The imperfect home

The imperfect home
                        

Houses are a patchwork of plaster and boards, weird angles and tucked-away spaces. We inhabit them, moving through their spaces on an everyday journey. We take for granted their solidness and rail against their flaws.

Yesterday I hit my toe on a board that separates the original living room from the laundry and bathroom wing. At one time our small house had one bathroom with three kids, so we ripped out a window to make a doorway and at our pace added a laundry room and bath. The doorway into this new space needed to bridge the old to the new, so a temporary board was attached to smooth the way. That board is still there.

I don’t hate this board. Most days I don’t notice it. When I do something dumb — like trip over it — then my mind goes all sorts of places.

“Why is this board still here?” I’ll yell to my husband as he flips down the magazine he’s paging through to look at me. The smile on his face infuriates me until it doesn’t. The board is smooth and kind of cool-looking, and like I said, I never notice it’s there until I do.

There is much to fix in our house: bits and corners that are unfinished, rough hidden drywall edges, raw wood, and sharp tile edges. There are several spots upstairs that need patching from minor leaks and painting that needs tending to. I wish I knew a good painter because I dislike painting.

We do most of the upgrading to our house by ourselves. My husband learned to do things on his own through trial and error, reinventing himself over and over until he became a master of repairing.

But something happened, though, as we got a bit older and less inclined to worry if something wasn’t “perfect” in the house. I knew that if given the chance to take a ride down back roads or paint a wall, I would always choose the ride.

We’d look at each other on a Friday night and knew we were hungry for our favorite restaurant, instead of working in the garden. To work on that garage project or hang together inside and watch movies while sitting on the floor on a blanket? Movies every time.

Don’t get me wrong. The work gets done. It just doesn’t get done as fast. It may take one year for me to finish my writing room upstairs because we went thrifting on weekends or I had lunch with my friends on a Saturday.

I’m not mad about it because life is way too short. To not have the fun and drama-free freedom to drop everything and go? No way. Our jobs are overwhelming during the week, and I’m doing good to get my yard mowed.

Most of the time we move through life with our own edges unsanded, exposed, and over time they become weathered with knowledge because we’ve let them age well.
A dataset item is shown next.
(* Let $\rho_{1,n},\rho_{2,n}>0$ and $c_n=o(1)$ be such that \begin{align*} &\mathbb{P}\Big(\max_{e\in\mathcal{E}_{tr}}\sup_{u\in\mathcal{F}_w,\Phi\in\mathcal{F}_{\Phi}}\big|\tfrac{1}{n_e}\langle u\circ\Phi(X^e),\bm{y}^e\rangle-\mathbb{E}[ u\circ\Phi(\bm{x}^{e})\,y^{e}]\big|\leq \tfrac{\rho_{1,n}}{2}\Big)\geq 1-c_n,\\ &\mathbb{P}\Big(\max_{e\in\mathcal{E}_{tr}}\sup_{u\in\mathcal{F}_w,\Phi\in\mathcal{F}_{\Phi}}\big|\tfrac{1}{n_e}\textstyle\sum_{i=1}^{n_e}\{u\circ\Phi(\bm{x}_i^e)\}^2-\mathbb{E}[\{u\circ\Phi(\bm{x}^{e})\}^2]\big|\leq \tfrac{\rho_{2,n}}{2}\Big)\geq 1-c_n . \end{align*} Suppose that for all $\Phi\in\mathcal F_\Phi\setminus\mathcal I^*_\Phi$, either $\max_{e,e'\in\mathcal{E}_{tr}} \sup_{u\in\mathcal{F}_{w}}|\mathbb{E}[ u\circ\Phi(\bm{x}^e)y^e]-\mathbb{E}[u\circ\Phi(\bm{x}^{e'})y^{e'}]|>2\rho_{1,n}$ or $\max_{e,e'\in\mathcal{E}_{tr}} \sup_{u\in\mathcal{F}_{w}} |\mathbb{E}[\{ u\circ\Phi(\bm{x}^e)\}^2]-\mathbb{E}[\{ u\circ\Phi(\bm{x}^{e'})\}^2]|>2\rho_{2,n}$, and that $\mathcal I^*_\Phi\neq\emptyset$. Then, with probability at least $1-2c_n$, the empirical FAIRM estimator (with tuning parameters $\rho_{1,n},\rho_{2,n}$) satisfies \[ \max_{e\in\mathcal{E}_{all}}\{R^e(\hat{w}^{(\mathrm{FAIRM})}\circ\widehat{\Phi}^{(\mathrm{FAIRM})})-R^e(w^*\circ\Phi^* )\}\leq 4\rho_{1,n}+2\rho_{2,n}. \]
   Context: Finite set of environments $\mathcal E_{all}\supseteq\mathcal E_{tr}$; for each $e$, $(\bm x^e,y^e)\in\mathbb R^p\times\mathbb R$ has distribution $P^e$; weights $\alpha^*_e>0$ on $\mathcal E_{all}$ summing to one. For each $e\in\mathcal E_{tr}$ we observe $n_e$ i.i.d. samples $(\bm x^e_i,y^e_i)\sim P^e$, forming $X^e\in\mathbb R^{n_e\times p}$ and $\bm y^e\in\mathbb R^{n_e}$; $f(X^e)$ denotes the vector $(f(\bm x^e_i))_{i}$. $\mathcal F_\Phi$: class of representations $\Phi:\mathbb R^p\to\mathcal H$; $\mathcal F_w$: class of functions $\mathcal H\to\mathbb R$. $R^e(f)=\mathbb E[(y-f(\bm x))^2]$ for $(\bm x,y)\sim P^e$ independent of $f$. $\mathcal I^*_\Phi$: the set of $\Phi\in\mathcal F_\Phi$ with $\max_{e,e'\in\mathcal E_{all}}\sup_{u\in\mathcal F_w}|\mathbb E[u\circ\Phi(\bm x^e)y^e]-\mathbb E[u\circ\Phi(\bm x^{e'})y^{e'}]|=0$ and $\max_{e,e'\in\mathcal E_{all}}\sup_{u\in\mathcal F_w}|\mathbb E[\{u\circ\Phi(\bm x^e)\}^2]-\mathbb E[\{u\circ\Phi(\bm x^{e'})\}^2]|=0$. Full-info FAIRM: $(w^*,\Phi^* )\in\arg\min_{w\in\mathcal F_w,\Phi\in\mathcal I^*_\Phi}\sum_{e\in\mathcal E_{all}}\alpha^*_e\mathbb E[(y^e-w\circ\Phi(\bm x^e))^2]$. Empirical FAIRM: $(\hat w^{(\mathrm{FAIRM})},\widehat\Phi^{(\mathrm{FAIRM})})\in\arg\min_{w\in\mathcal F_w,\Phi\in\mathcal F_\Phi}\sum_{e\in\mathcal E_{tr}}\|\bm y^e-w\circ\Phi(X^e)\|_2^2$ subject to $\max_{e,e'\in\mathcal E_{tr}}\sup_{u\in\mathcal F_w}|\frac1{n_e}\langle u\circ\Phi(X^e),\bm y^e\rangle-\frac1{n_{e'}}\langle u\circ\Phi(X^{e'}),\bm y^{e'}\rangle|\le\rho_{1,n}$ and $\max_{e,e'\in\mathcal E_{tr}}\sup_{u\in\mathcal F_w}|\frac1{n_e}\sum_{i=1}^{n_e}\{u\circ\Phi(\bm x^e_i)\}^2-\frac1{n_{e'}}\sum_{i=1}^{n_{e'}}\{u\circ\Phi(\bm x^{e'}_i)\}^2|\le\rho_{2,n}$. *)

theory Defs
  imports "HOL-Probability.Probability"
begin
It’s a knowledge that says your yard doesn’t have to be weed-eated to death and that a few weeds are fine, that those walls will eventually get painted and that I’ll move all my trinkets I’ve gathered and arrange them to my liking in my own writing space. It means that one day George will fix that darned board or maybe he won’t, and that’ll be fine.

Finished edges and smooth surfaces don’t equal happiness, and though it can be hard, my life is immensely pleasurable. And especially to me, knowing that I have unfinished things in my house means one thing: That I’m living.